Class 2 Device Recall Magnus CarbonFibre Table Top

• Date Initiated by Firm: April 13, 2012
• Date Posted: July 30, 2012
• Recall Status: Terminated on September 04, 2013
• Recall Number: Z-2108-2012
• Recall Event ID: 62590
• Product Classification: Table, operating-room, ac-powered - Product Code FQO
• Product: Maquet Getinge Group Operating Table System Magnus Carbon-Fibre Table Top Version 1180.16; ; The carbon-fibre MAGNUS table top (1180-16XX) serves to support and position patients for surgical procedures (e.g. cardiovascular surgery) and interventional examination immediately before, during and after the surgical phase. The table top is radiotranslucent and enables intraoperative use of X-ray equipment.
• Code Information: Model # 1180.16F2 Serial #s 1,3,7, & 8; Model # 1180.16F3 Serial # 1; Model #1180.16F5 Serial #4; Model # T285.7000 Serial #s 1,2,3,4, & 7.
• Recalling Firm/ Manufacturer: Maquet Medical Systems, Usa; 45 Barbour Pond Dr; Wayne NJ 07470-2094
• For Additional Information Contact: Ms. Susan Mandy; 201-995-8968
• Manufacturer Reason for Recall: As a result of a small number of customer complaints, MAQUET conducted an investigation and identified a potential problem with specific MAGNUS Carbon-Fibre Table Tops manufactured between February 23, 2010 and February 28, 2012 and distributed between November 11, 2010 and April 6, 2012. There is a potential issue with the motor brakes for the longitudinal shift drive, and the tilt drive.

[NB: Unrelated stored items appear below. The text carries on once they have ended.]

(* For each of the three pairs of families (Demazure atoms, monomial slide polynomials), (Demazure atoms, fundamental slide polynomials), (fundamental particles, monomial slide polynomials), neither family expands positively in the other; that is, in each pair, some element of the first family is not a nonnegative linear combination of elements of the second, and some element of the second is not a nonnegative linear combination of elements of the first.
   Context: Weak composition of length $n$: sequence of $n$ nonnegative integers; $\mathrm{flat}(a)$ deletes zero parts; $b\ge a$ means $b_1+\cdots+b_i\ge a_1+\cdots+a_i$ for all $i$. $\mathfrak{M}_a=\sum x^b$ over $b\ge a$ (length $n$) with $\mathrm{flat}(b)=\mathrm{flat}(a)$; $\mathfrak{F}_a=\sum x^b$ over $b\ge a$ with $\mathrm{flat}(b)$ refining $\mathrm{flat}(a)$. Fundamental particle: a local move replaces consecutive entries $(0,k)$ at positions $p,p+1$ by $(i,j)$, $i+j=k$, $i,j\ge0$; fixed slides of $a$ are obtained by sequences of such moves with $j>0$ required whenever $a_{p+1}\neq0$; $\mathfrak{L}_a=\sum x^b$ over the set of fixed slides $b$. Demazure atom: in $D(a)$ ($a_i$ left-justified boxes in row $i$, row 1 lowest), triples (rows $r<s$) are Type A: $\gamma=(r,c),\alpha=(r,c+1),\beta=(s,c+1)$ with $a_r\ge a_s$, or Type B: $\gamma=(s,c),\alpha=(s,c+1),\beta=(r,c)$ with $a_s>a_r$; inversion triple: $\beta>\gamma\ge\alpha$ or $\gamma\ge\alpha>\beta$; $\mathcal{A}_a=\sum_S\prod_i x_i^{\#\{\text{entries } i\}}$ over fillings $S$ of $D(a)$ with positive integers, rows weakly decreasing left to right, distinct column entries, all triples inversion triples, and first-column entry of each nonempty row $i$ equal to $i$. Each family (for fixed length $n$) is a basis of $\mathbb{Z}[x_1,\ldots,x_n]$. *)

theory Defs
  imports Main
begin

(* Weak compositions are lists of naturals.  A polynomial in Z[x_1..x_n] is represented
   by its coefficient function: exponent vector (nat list of length n) => int coefficient. *)

definition flat :: "nat list \<Rightarrow> nat list" where
  "flat a = filter (\<lambda>x. x \<noteq> 0) a"

definition dom_ge :: "nat list \<Rightarrow> nat list \<Rightarrow> bool" where
  "dom_ge b a \<longleftrightarrow> length b = length a \<and>
     (\<forall>i\<le>length a. sum_list (take i b) \<ge> sum_list (take i a))"

definition refines :: "nat list \<Rightarrow> nat list \<Rightarrow> bool" where
  "refines c d \<longleftrightarrow> (\<exists>cs. c = concat cs \<and> map sum_list cs = d \<and> (\<forall>x\<in>set cs. x \<noteq> []))"

definition monoslide :: "nat list \<Rightarrow> nat list \<Rightarrow> int" where
  "monoslide a b = (if dom_ge b a \<and> flat b = flat a then 1 else 0)"

definition fundslide :: "nat list \<Rightarrow> nat list \<Rightarrow> int" where
  "fundslide a b = (if dom_ge b a \<and> refines (flat b) (flat a) then 1 else 0)"

(* fixed slides of a: positions are 0-indexed, p and p+1 consecutive *)
inductive_set fixed_slides :: "nat list \<Rightarrow> nat list set" for a where
  refl: "a \<in> fixed_slides a"
| move: "\<lbrakk> b \<in> fixed_slides a; Suc p < length b; b ! p = 0; b ! Suc p = i + j;
          a ! Suc p \<noteq> 0 \<longrightarrow> j > 0 \<rbrakk>
        \<Longrightarrow> b[p := i, Suc p := j] \<in> fixed_slides a"

definition particle :: "nat list \<Rightarrow> nat list \<Rightarrow> int" where
  "particle a b = (if b \<in> fixed_slides a then 1 else 0)"

(* Demazure atoms.  Rows r = 1..n (row 1 lowest), columns c = 1..a_r; a_r = a ! (r-1). *)
definition diag :: "nat list \<Rightarrow> (nat \<times> nat) set" where
  "diag a = {(r, c). 1 \<le> r \<and> r \<le> length a \<and> 1 \<le> c \<and> c \<le> a ! (r - 1)}"

definition inv_triple :: "nat \<Rightarrow> nat \<Rightarrow> nat \<Rightarrow> bool" where
  "inv_triple g al be \<longleftrightarrow> (be > g \<and> g \<ge> al) \<or> (g \<ge> al \<and> al > be)"
(* Let $(\mu,\nu)\in\boldsymbol{\mathcal P}$ and consider the RRU with initial composition $(x,y)\in\mathbb S$, $D_0=x+y$. Let $Z_n=Z_0+M_n+A_n$ be the Doob decomposition of $Z_n$ with respect to $\{\mathcal A_n\}$. If $D_0\ge2\beta$, then $$\mathbb E\big(\sup_r|A_r|\big)\le\frac{\beta}{D_0}.$$
   Context: Fix $0<m_0\le\beta<\infty$. $\boldsymbol{\mathcal P}$: pairs $(\mu,\nu)$ of probability measures on $[0,\beta]$ with $\int k\,\mu(dk)=\int k\,\nu(dk)\ge m_0$. $\mathbb S=[0,\infty)^2\setminus\{(0,0)\}$. RRU: with $\{U_n\}$ i.i.d. uniform$[0,1]$ independent of i.i.d. $\{(V_n,W_n)\}$ with uniform$[0,1]$ marginals, $R_X(n)=q_\mu(V_n)$, $R_Y(n)=q_\nu(W_n)$, $X_0=x,Y_0=y$, $X_{n+1}=X_n+R_X(n+1)\mathbb I(n+1)$, $Y_{n+1}=Y_n+R_Y(n+1)(1-\mathbb I(n+1))$, $\mathbb I(n+1)=\mathbf 1\{U_{n+1}\le X_n/(X_n+Y_n)\}$; $D_n=X_n+Y_n$, $Z_n=X_n/D_n$; $\mathcal A_n=\sigma(\mathbb I(j),R_X(j),R_Y(j):j\le n)$ ($\mathcal A_0$ trivial). Doob decomposition: $\{M_n\}$ is a zero-mean $\{\mathcal A_n\}$-martingale with $M_0=0$ and $\{A_n\}$ is a predictable process with $A_0=0$. *)

theory Defs
  imports "HOL-Probability.Probability"
begin

text \<open>For u in (0,1] this is the usual
  left-continuous inverse of the distribution function; for u = 0 it gives 0.\<close>
definition quantile :: "real measure \<Rightarrow> real \<Rightarrow> real" where
  "quantile \<mu> u = Inf {k::real. 0 \<le> k \<and> u \<le> measure \<mu> {..k}}"

definition pair_class :: "real \<Rightarrow> real \<Rightarrow> real measure \<Rightarrow> real measure \<Rightarrow> bool" where
  "pair_class m0 \<beta> \<mu> \<nu> \<longleftrightarrow>
     prob_space \<mu> \<and> sets \<mu> = sets borel \<and> measure \<mu> {0..\<beta>} = 1 \<and>
     prob_space \<nu> \<and> sets \<nu> = sets borel \<and> measure \<nu> {0..\<beta>} = 1 \<and>
     (\<integral>k. k \<partial>\<mu>) = (\<integral>k. k \<partial>\<nu>) \<and> (\<integral>k. k \<partial>\<mu>) \<ge> m0"

text \<open>Path of the randomly reinforced urn (X_n, Y_n), given the sample values
  u n = U_n, rx n = R_X(n), ry n = R_Y(n) (indices n >= 1 are used).\<close>
primrec rru :: "real \<Rightarrow> real \<Rightarrow> (nat \<Rightarrow> real) \<Rightarrow> (nat \<Rightarrow> real) \<Rightarrow> (nat \<Rightarrow> real) \<Rightarrow> nat \<Rightarrow> real \<times> real" where
  "rru x y u rx ry 0 = (x, y)"
| "rru x y u rx ry (Suc n) =
     (let X = fst (rru x y u rx ry n); Y = snd (rru x y u rx ry n);
          I = (u (Suc n) \<le> X / (X + Y))
      in (if I then X + rx (Suc n) else X, if I then Y else Y + ry (Suc n)))"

• FDA Determined Cause: Device Design
• Action: MAQUET GETINGE Group sent An "Urgent Device Field Correction" notification, dated 13 April 2012 via Federal Express to all affected customers. An acknowledgement form is included with the customer letter which can be mailed or faxed back to Maquet Quality by the notified customers. If the completed Acknowledgement form is not received within 15 days, up to three follow ups will be made and documented via telephone call to each customer. The letter identified the product, the problem, and the action to be taken by the customer. Customers were instructed to discontinue use and notify their MAQUET Service Representative immediately. The MAQUET Service Representative will contact customers to make arrangements to replace both te logitudinal shift and tilt drives of their table top(s). For questions customers should call 888-627-8383, press option 2, followed by option 1. For questions regarding this recall call 201-995-8968.
• Quantity in Commerce: 164 Units located in 27 Countries
• Distribution: Worldwide Distribution - USA (nationwide) and the countries of United Arab Emirates, Austria, Australia, Belgium, Brazil, Canada, Switzerland, China, Germany, Denmark, Spain, France, Hong Kong, Ireland, Israel, India, Italy, Japan, South Korea, Netherlands, Poland, Russia, Saudi Arabia, Sweden, Singapore, and Thailand.
• Total Product Life Cycle: TPLC Device Report

¹ A record in this database is created when a firm initiates a correction or removal action. The record is updated if the FDA identifies a violation and classifies the action as a recall, and it is updated for a final time when the recall is terminated. Learn more about medical device recalls.
² Per FDA policy, recall cause determinations are subject to modification up to the point of termination of the recall.
³ For details about termination of a recall see Code of Federal Regulations (CFR) Title 21 §7.55.